Bernie Sanders, qui vient de remporter la primaire démocrate de l'Indiana, reste loin derrière Hillary Clinton. Mais il aura été bien plus qu'un candidat de témoignage. Mark Binelli l’a suivi de près pendant 48 h.
La toute première question qu’on pose à Bernie lors de sa toute première assemblée locale en Iowa vient d’un jeune homme barbu qui porte un t-shirt à l’effigie de Green Lantern. Il veut savoir ce que le candidat a l’intention de faire quant à la réglementation du poker en ligne, s’il est élu président.
« Je vais être très honnête avec vous : ça n’est pas une question à laquelle j’ai beaucoup songé », répond du tac au tac Bernie Sanders, 73 ans, sénateur du Vermont depuis 2007. Il fait une pause puis marmonne : « Il me semble qu’un de mes enfants joue beaucoup au poker. Si la question est de savoir si les grandes entreprises peuvent arnaquer les joueurs de poker, la réponse est non. Vous voyez ce que je veux dire ? Une des choses que vous apprenez en tant que sénateur américain, c’est que tout problème a une solution. »
Sanders a les cheveux particulièrement blancs et une façon brutale de s’exprimer. Son débit de parole et son fort accent de Brooklyn rappellent étrangement Larry David. Ou, plus précisément, Larry David imitant Georges Steinbrenner dans Seinfeld. « On a beaucoup plus écrit sur mes cheveux que sur mon programme d’infrastructure ou mon programme pour l’éducation supérieure – pas de question là-dessus », s’en plaindra Sanders auprès de moi plus tard.

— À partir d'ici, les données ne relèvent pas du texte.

lemma phi_psi_second_order:
  assumes A: "0 < A" and ab: "A \<le> a" "a \<le> b" "b \<le> B" and t: "0 \<le> t" "t \<le> 1"
  shows "\<bar>phi a b t - t * inv_log_mean a b\<bar> \<le> geo_rem_const A B * t\<^sup>2"
    and "\<bar>psi a b t - 1 - t * (ln a - a * inv_log_mean a b)\<bar> \<le> geo_rem_const A B * t\<^sup>2"
proof -
  define L where "L = \<bar>ln A\<bar> + \<bar>ln B\<bar>"
  define P where "P = L * exp L / A"
  define Q where "Q = L\<^sup>2 * exp L"
  have PQ: "P \<ge> 0" "Q \<ge> 0" "geo_rem_const A B = (1 + B) * P + Q"
    using A by (simp_all add: P_def Q_def L_def geo_rem_const_def Let_def)
  have a0: "a > 0" and B0: "B > 0"
    using ab A by auto
  obtain z where z: "a \<le> z" "z \<le> b"
    and phi_eq: "phi a b t - t * inv_log_mean a b = powr_rem_deriv t z"
    and psi_eq: "psi a b t - 1 - t * (ln a - a * inv_log_mean a b) = powr_rem t a - a * powr_rem_deriv t z"
    using phi_psi_rem_mean_value[OF a0 ab(2)] by blast
  have deriv_z: "\<bar>powr_rem_deriv t z\<bar> \<le> t\<^sup>2 * P"
    unfolding P_def L_def using ab z A t by (intro powr_rem_bounds(1)) auto
  have rem_a: "\<bar>powr_rem t a\<bar> \<le> t\<^sup>2 * Q"
    unfolding Q_def L_def using ab A t by (intro powr_rem_bounds(2)) auto
  show "\<bar>phi a b t - t * inv_log_mean a b\<bar> \<le> geo_rem_const A B * t\<^sup>2"
    using deriv_z PQ B0 unfolding phi_eq by (simp add: algebra_simps add_increasing2)
  have "\<bar>powr_rem t a - a * powr_rem_deriv t z\<bar> \<le> \<bar>powr_rem t a\<bar> + \<bar>a * powr_rem_deriv t z\<bar>"
    by (rule abs_triangle_ineq4)
  also have "\<dots> = \<bar>powr_rem t a\<bar> + a * \<bar>powr_rem_deriv t z\<bar>"
    using a0 by (simp add: abs_mult)
  also have "\<dots> \<le> t\<^sup>2 * Q + B * (t\<^sup>2 * P)"
    using rem_a deriv_z ab a0 by (intro add_mono mult_mono) auto
  also have "\<dots> \<le> geo_rem_const A B * t\<^sup>2"
    using PQ by (simp add: algebra_simps)
  finally show "\<bar>psi a b t - 1 - t * (ln a - a * inv_log_mean a b)\<bar> \<le> geo_rem_const A B * t\<^sup>2"
    unfolding psi_eq .
qed

lemma min_one_le_powr:
  fixes a t :: real
  assumes "0 < a" "0 \<le> t" "t \<le> 1"
  shows "min 1 a \<le> a powr t"
proof (cases "a \<ge> 1")
  case False
  then have "a powr 1 \<le> a powr t"
    using assms by (intro powr_mono') auto
  then show ?thesis using assms by simp
qed (use ge_one_powr_ge_zero assms in simp)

En ce jeudi soir de mai, Sanders prononce un discours à l’université privée catholique Saint Ambroise de Davenport, dans l’Iowa. Par pur hasard, Rick Santorum se trouve lui-aussi à Davenport, pour lancer sa campagne de 2016 en Iowa. D’après le registre de la ville de Des Moines, le discours de Santorum a attiré environ 80 personnes. Ce sont près de 700 personnes qui se sont déplacées pour Sanders – la meilleure performance réalisée par un candidat en Iowa durant cette campagne électorale.

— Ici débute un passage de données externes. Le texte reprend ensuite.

lemma (in group) D_full_conj_gen_normalised:
  assumes "E \<lhd> G" "D \<subseteq> E"
    and sandwich: "sandwich_classification G D E"
    and PP: "\<forall>P\<in>PP. perfect_subgroup G P \<and> fin_gen_subgroup G P" "D = generate G (\<Union>PP)"
    and qs: "\<And>F. D_full G D E F \<Longrightarrow> quasi_solvable (G\<lparr>carrier := normaliser_in G E F\<rparr> Mod F)"
    and H: "H \<in> sub_lattice G D (carrier G)"
  shows "D_full G D E (conj_gen G D H) \<and> H \<subseteq> normaliser_in G (carrier G) (conj_gen G D H)"
proof -
  define K where "K = H \<inter> E"
  define F where "F = conj_gen G D K"
  define N where "N = normaliser_in G E F"
  have sH: "subgroup H G" "D \<subseteq> H" and sE: "subgroup E G"
    using H assms(1) unfolding sub_lattice_def by (auto dest: normal_imp_subgroup)
  have HG: "H \<subseteq> carrier G" using subgroup.subset[OF sH(1)] .
  have sK: "subgroup K G"
    unfolding K_def using subgroups_Inter_pair[OF sH(1) sE] .
  have DK: "D \<subseteq> K"
    using sH(2) assms(2) unfolding K_def by blast
  have "K \<in> sub_lattice G D E"
    using sK DK unfolding sub_lattice_def K_def by blast
  then have FD: "D_full G D E F" and KN: "K \<subseteq> N"
    using sandwich unfolding sandwich_classification_def F_def N_def by blast+
  then have sF: "subgroup F G" "F \<subseteq> E"
    unfolding D_full_def sub_lattice_def by auto
  have sN: "subgroup N G"
    unfolding N_def using subgroup_normaliser_in[OF sE subgroup.subset[OF sF(1)]] .
  have nF: "F \<lhd> G\<lparr>carrier := N\<rparr>"
    unfolding N_def using normal_in_normaliser_in[OF sE sF] .
  have HK: "(\<lambda>x. h \<otimes> x \<otimes> inv h) ` K \<subseteq> K" if h: "h \<in> H" for h
  proof (rule image_subsetI)
    fix k assume k: "k \<in> K"
    have "h \<otimes> k \<otimes> inv h \<in> H"
      using h k sH(1) by (simp add: K_def subgroup.m_closed subgroup.m_inv_closed)
    moreover have "h \<otimes> k \<otimes> inv h \<in> E"
      using h k HG normal.inv_op_closed2[OF assms(1)] unfolding K_def by blast
    ultimately show "h \<otimes> k \<otimes> inv h \<in> K" unfolding K_def by blast
  qed
  have HD: "(\<lambda>x. h \<otimes> x \<otimes> inv h) ` D \<subseteq> F" if h: "h \<in> H" for h
  proof -
    have "\<Union>PP \<subseteq> D"
      unfolding PP(2) by (blast intro: generate.incl)
    then have "(\<lambda>x. h \<otimes> x \<otimes> inv h) ` \<Union>PP \<subseteq> N"
      using HK[OF h] DK KN by blast
    then show ?thesis
      unfolding PP(2)
      using conj_generate_perfect_subgroups_subset[OF PP(1) sN sF(1) nF qs[OF FD, folded N_def]] h HG by blast
  qed
  have "H \<subseteq> normaliser_in G (carrier G) F"
  proof (rule subgroup_subset_normaliser_in[OF sH(1) HG subgroup.subset[OF sF(1)]])
    fix h x assume "h \<in> H" "x \<in> F"
    moreover have "D \<subseteq> carrier G"
      using DK subgroup.subset[OF sK] by blast
    ultimately show "h \<otimes> x \<otimes> inv h \<in> F"
      using conj_gen_conj_closed[OF _ sK _ KN[unfolded N_def F_def] HD[unfolded F_def] HK] HG
      unfolding F_def by blast
  qed
  moreover have "conj_gen G D H = F"
  proof
    have "inv h \<otimes> d \<otimes> h \<in> F" if "d \<in> D" "h \<in> H" for d h
    proof -
      have "inv h \<otimes> d \<otimes> inv (inv h) \<in> F"
        using HD[OF subgroup.m_inv_closed[OF sH(1) \<open>h \<in> H\<close>]] \<open>d \<in> D\<close> by blast
      then show ?thesis using HG \<open>h \<in> H\<close> by auto
    qed
    then show "conj_gen G D H \<subseteq> F"
      by (rule conj_gen_subset[OF sF(1)])
    show "F \<subseteq> conj_gen G D H"
      unfolding F_def K_def by (rule conj_gen_mono) blast
  qed
  ultimately show ?thesis using FD by simp
qed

La montée d’un candidat à gauche du favori est presque devenue une habitude en tout début des primaires démocrates : Bill Bradley en 2000, le compagnon de Sanders du Vermont, Howard Dean, en 2004, Barack Obama en 2008. Mais Sanders se situe à gauche de tous ces révoltés. Son adversaire, Hillary Clinton, serait la première femme à être élue présidente des États-Unis ; Sanders serait le premier président à se déclarer ouvertement socialiste. Il attire l’attention de ses concitoyens sur l’Europe, en particulier sur la Scandinavie, en expliquant comment on pourrait mettre les choses en pratique : avec des programmes d’aide sociale généreux assurant un revenu minimum pour tous, mis en application rapidement par un gouvernement fort et actif, et financé par des taxes plus élevées sur les grandes entreprises, ainsi que par la réduction des dépenses inutiles dans des secteurs comme, disons, les deux milliards de dollars pour la guerre en Irak.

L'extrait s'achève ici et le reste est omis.